The changes of immunoglobulin G N-glycosylation in blood lipids and dyslipidaemia.
Liu, D, Chu, X, Wang, H, Dong, J, Ge, SQ, Zhao, ZY, Peng, HL, Sun, M, Wu, LJ, Song, MS, et al
Journal of translational medicine. 2018;(1):235
Abstract
BACKGROUND Alternative N-glycosylation has significant structural and functional consequences on immunoglobulin G (IgG) and can affect immune responses, acting as a switch between pro- and anti-inflammatory IgG functionality. Studies have demonstrated that IgG N-glycosylation is associated with ageing, body mass index, type 2 diabetes and hypertension. METHODS Herein, we have demonstrated patterns of IgG glycosylation that are associated with blood lipids in a cross-sectional study including 598 Han Chinese aged 20-68 years. The IgG glycome composition was analysed by ultra-performance liquid chromatography.
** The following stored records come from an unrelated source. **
(* In the slot formulation of the weighted balls-into-bins process, for every $0<a<\lambda/2$ and every $t\ge0$, $$\mathbb E\left[\Psi(x^s(t+1))-\Psi(x^s(t))\,\middle|\,x^s(t)\right]\le\sum_{i=1}^N\left(p_i\left(-a+Sa^2\right)+\left(\frac aN+S\frac{a^2}{N^2}\right)\right)e^{-a x^s_i(t)}.$$
   Context: Weighted balls into weighted bins: $n$ bins with positive integer weights $N_1,\dots,N_n$, $N=\sum_iN_i$; $\mathcal D$ on $[n]$ is $(\alpha,\beta)$-biased, i.e. $\frac{N_i}{\alpha N}\le\Pr_{\mathcal D}[i]\le\frac{\beta N_i}{N}$. Ball weights $w(t)$ are i.i.d. from $\mathcal W$ on $[0,\infty)$ with $\mathbb E[\mathcal W]=1$ and $M(z)=\mathbb E[e^{z\mathcal W}]$ finite at $z=\lambda$ for some $\lambda>0$; $S\ge1$ is a constant with $M''(z)\le2S$ for all $|z|<\lambda/2$. Each round two bins are sampled independently from $\mathcal D$ and the ball goes to the sampled bin with smaller value $v_i(t-1)=w_i(t-1)/N_i$. Slot formulation: bin $i$ consists of $N_i$ unit slots; the normalized slot vector $x^s(t)\in\mathbb R^N$ has, for each slot of bin $i$, the entry $v_i(t)-\frac1N\sum_{t'\le t}w(t')$, indexed so that $x^s_1(t)\ge\dots\ge x^s_N(t)$. Each round two slots are drawn independently (a slot of bin $i$ with probability $\Pr_{\mathcal D}[i]/N_i$), the one later in the sorted order is selected, and the ball's weight is spread evenly over its bin's slots; $p_i$ is the conditional probability, given $x^s(t)$, that the selected slot in round $t+1$ is the $i$-th in sorted order. $\Psi(y)=\sum_je^{-ay_j}$. *)

theory Defs
  imports "HOL-Probability.Probability"
begin

text \<open>Bins are 0,...,n-1 with positive integer weights Nw i; N = sum of Nw i.
  Loads L i = w_i(t) (total weight in bin i); bin value v_i = L i / Nw i.
  A sorted slot order is described by b :: nat => nat: the slot at sorted position
  k (0 <= k < N) belongs to bin b k.\<close>

definition total_weight :: "nat \<Rightarrow> (nat \<Rightarrow> nat) \<Rightarrow> nat" where
  "total_weight n Nw = (\<Sum>i<n. Nw i)"

definition biased :: "nat \<Rightarrow> (nat \<Rightarrow> nat) \<Rightarrow> real \<Rightarrow> real \<Rightarrow> nat pmf \<Rightarrow> bool" where
  "biased n Nw \<alpha> \<beta> D \<longleftrightarrow> set_pmf D \<subseteq> {..<n} \<and>
     (\<forall>i<n. real (Nw i) / (\<alpha> * real (total_weight n Nw)) \<le> pmf D i \<and>
            pmf D i \<le> \<beta> * real (Nw i) / real (total_weight n Nw))"

text \<open>Normalized slot vector: entry at sorted position k is v_{b k} - (total ball weight)/N,
  where the total ball weight thrown so far equals the sum of all loads.\<close>
definition slot_vec :: "nat \<Rightarrow> (nat \<Rightarrow> nat) \<Rightarrow> (nat \<Rightarrow> nat) \<Rightarrow> (nat \<Rightarrow> real) \<Rightarrow> nat \<Rightarrow> real" where
  "slot_vec n Nw b L k = L (b k) / real (Nw (b k)) - (\<Sum>i<n. L i) / real (total_weight n Nw)"

definition is_sorted_slot_order :: "nat \<Rightarrow> (nat \<Rightarrow> nat) \<Rightarrow> (nat \<Rightarrow> nat) \<Rightarrow> (nat \<Rightarrow> real) \<Rightarrow> bool" where
  "is_sorted_slot_order n Nw b L \<longleftrightarrow>
     (\<forall>k < total_weight n Nw. b k < n) \<and>
     (\<forall>i<n. card {k. k < total_weight n Nw \<and> b k = i} = Nw i) \<and>
     (\<forall>k k'. k \<le> k' \<longrightarrow> k' < total_weight n Nw \<longrightarrow> slot_vec n Nw b L k' \<le> slot_vec n Nw b L k)"

definition Psi :: "real \<Rightarrow> nat \<Rightarrow> (nat \<Rightarrow> real) \<Rightarrow> real" where
  "Psi a N y = (\<Sum>j<N. exp (- a * y j))"

text \<open>One slot draw: bin i from D, then a uniformly random slot of bin i
  (so a given slot of bin i has probability Pr_D[i]/N_i).\<close>
definition slot_draw :: "nat \<Rightarrow> (nat \<Rightarrow> nat) \<Rightarrow> (nat \<Rightarrow> nat) \<Rightarrow> nat pmf \<Rightarrow> nat pmf" where
  "slot_draw n Nw b D = bind_pmf D (\<lambda>i. pmf_of_set {k. k < total_weight n Nw \<and> b k = i})"

text \<open>Two independent slot draws; the one later in sorted order is selected.\<close>
definition selected_slot :: "nat \<Rightarrow> (nat \<Rightarrow> nat) \<Rightarrow> (nat \<Rightarrow> nat) \<Rightarrow> nat pmf \<Rightarrow> nat pmf" where
  "selected_slot n Nw b D =
     map_pmf (\<lambda>(k1, k2). max k1 k2) (pair_pmf (slot_draw n Nw b D) (slot_draw n Nw b D))"

definition mgf :: "real measure \<Rightarrow> real \<Rightarrow> real" where
  "mgf W z = (\<integral>w. exp (z * w) \<partial>W)"

end

theory Submission
  imports Defs
begin

text \<open>Putting a ball of weight w into bin i moves every slot of bin i by w (1/N_i - 1/N) and
  every other slot by -w/N, so every term exp (-a x_j) of Psi is multiplied by exp (z_j w) with
  |z_j| <= a. Averaging over the weight turns this factor into M(z_j), and Taylor's theorem for the
  moment generating function, differentiated under the integral sign (which the finiteness of
  M(lam) justifies), gives M(z) - 1 <= z + S z^2. The N_i slots of the receiving bin contribute
  -a + S a^2/N_i <= -a + S a^2 times the term of the selected slot, and every slot contributes at
  most a/N + S a^2/N^2 times its own term.\<close>

definition slot_shift :: "nat \<Rightarrow> (nat \<Rightarrow> nat) \<Rightarrow> (nat \<Rightarrow> nat) \<Rightarrow> nat \<Rightarrow> nat \<Rightarrow> real" where
  "slot_shift n Nw b i j = (if b j = i then 1 / real (Nw i) else 0) - 1 / real (total_weight n Nw)"

lemma slot_vec_add_ball:
  assumes "i < n"
  shows "slot_vec n Nw b (L(i := L i + w)) j = slot_vec n Nw b L j + w * slot_shift n Nw b i j"
proof -
  have "L(i := L i + w) = (\<lambda>l. L l + (if l = i then w else 0))"
    by auto
  then have "(\<Sum>l<n. (L(i := L i + w)) l) = (\<Sum>l<n. L l) + w"
    using assms by (simp add: sum.distrib)
  then show ?thesis
    unfolding slot_vec_def slot_shift_def
    by (cases "b j = i") (simp_all add: add_divide_distrib algebra_simps)
qed

lemma Psi_slot_vec_add_ball:
  assumes "i < n"
  shows "Psi a N (slot_vec n Nw b (L(i := L i + w))) - Psi a N (slot_vec n Nw b L)
       = (\<Sum>j<N. exp (- a * slot_vec n Nw b L j) * (exp (- a * slot_shift n Nw b i j * w) - 1))"
proof -
  have "exp (- a * (x + w * s)) = exp (- a * x) * exp (- a * s * w)" for x s
    by (simp add: exp_add[symmetric] algebra_simps)
  then show ?thesis
    unfolding Psi_def slot_vec_add_ball[OF assms] by (simp add: sum_subtractf right_diff_distrib)
qed

lemma abs_slot_shift_le_one:
  assumes "0 < Nw i" "0 < total_weight n Nw"
  shows "\<bar>slot_shift n Nw b i j\<bar> \<le> 1"
proof -
  define x where "x = (if b j = i then 1 / real (Nw i) else 0)"
  define y where "y = 1 / real (total_weight n Nw)"
  have "0 \<le> x" "x \<le> 1" "0 \<le> y" "y \<le> 1"
    using assms unfolding x_def y_def by simp_all
  then show ?thesis
    unfolding slot_shift_def x_def[symmetric] y_def[symmetric] abs_le_iff by linarith
qed

lemma sum_if_eq_card_mult:
  fixes c :: real and N :: nat
  shows "(\<Sum>j<N. if b j = i then c else 0) = card {j. j < N \<and> b j = i} * c"
proof -
  have "(\<Sum>j<N. if b j = i then c else 0) = (\<Sum>j\<in>{j \<in> {..<N}. b j = i}. c)"
    by (rule sum.inter_filter[where g = "\<lambda>_. c" and P = "\<lambda>j. b j = i", OF finite_lessThan, symmetric])
  also have "{j \<in> {..<N}. b j = i} = {j. j < N \<and> b j = i}"
    by auto
  finally show ?thesis
    by simp
qed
RESULTS Blood lipids were positively correlated with glycan peak GP6, whereas they were negatively correlated with GP18 (P < 0.05/57). The canonical correlation analysis indicated that initial N-glycan structures, including GP4, GP6, GP9-12, GP14, GP17, GP18 and GP23, were significantly correlated with blood lipids, including total cholesterol, total triglycerides (TG) and low-density lipoprotein (r = 0.390, P < 0.001). IgG glycans patterns were able to distinguish patients with dyslipidaemia from the controls, with an area under the curve of 0.692 (95% confidence interval 0.644-0.740). CONCLUSIONS Our findings indicated that a possible association between blood lipids and the observed loss of galactose and sialic acid, as well as the addition of bisecting GlcNAcs, which might be related to the chronic inflammation accompanying with the development and procession of dyslipidaemia.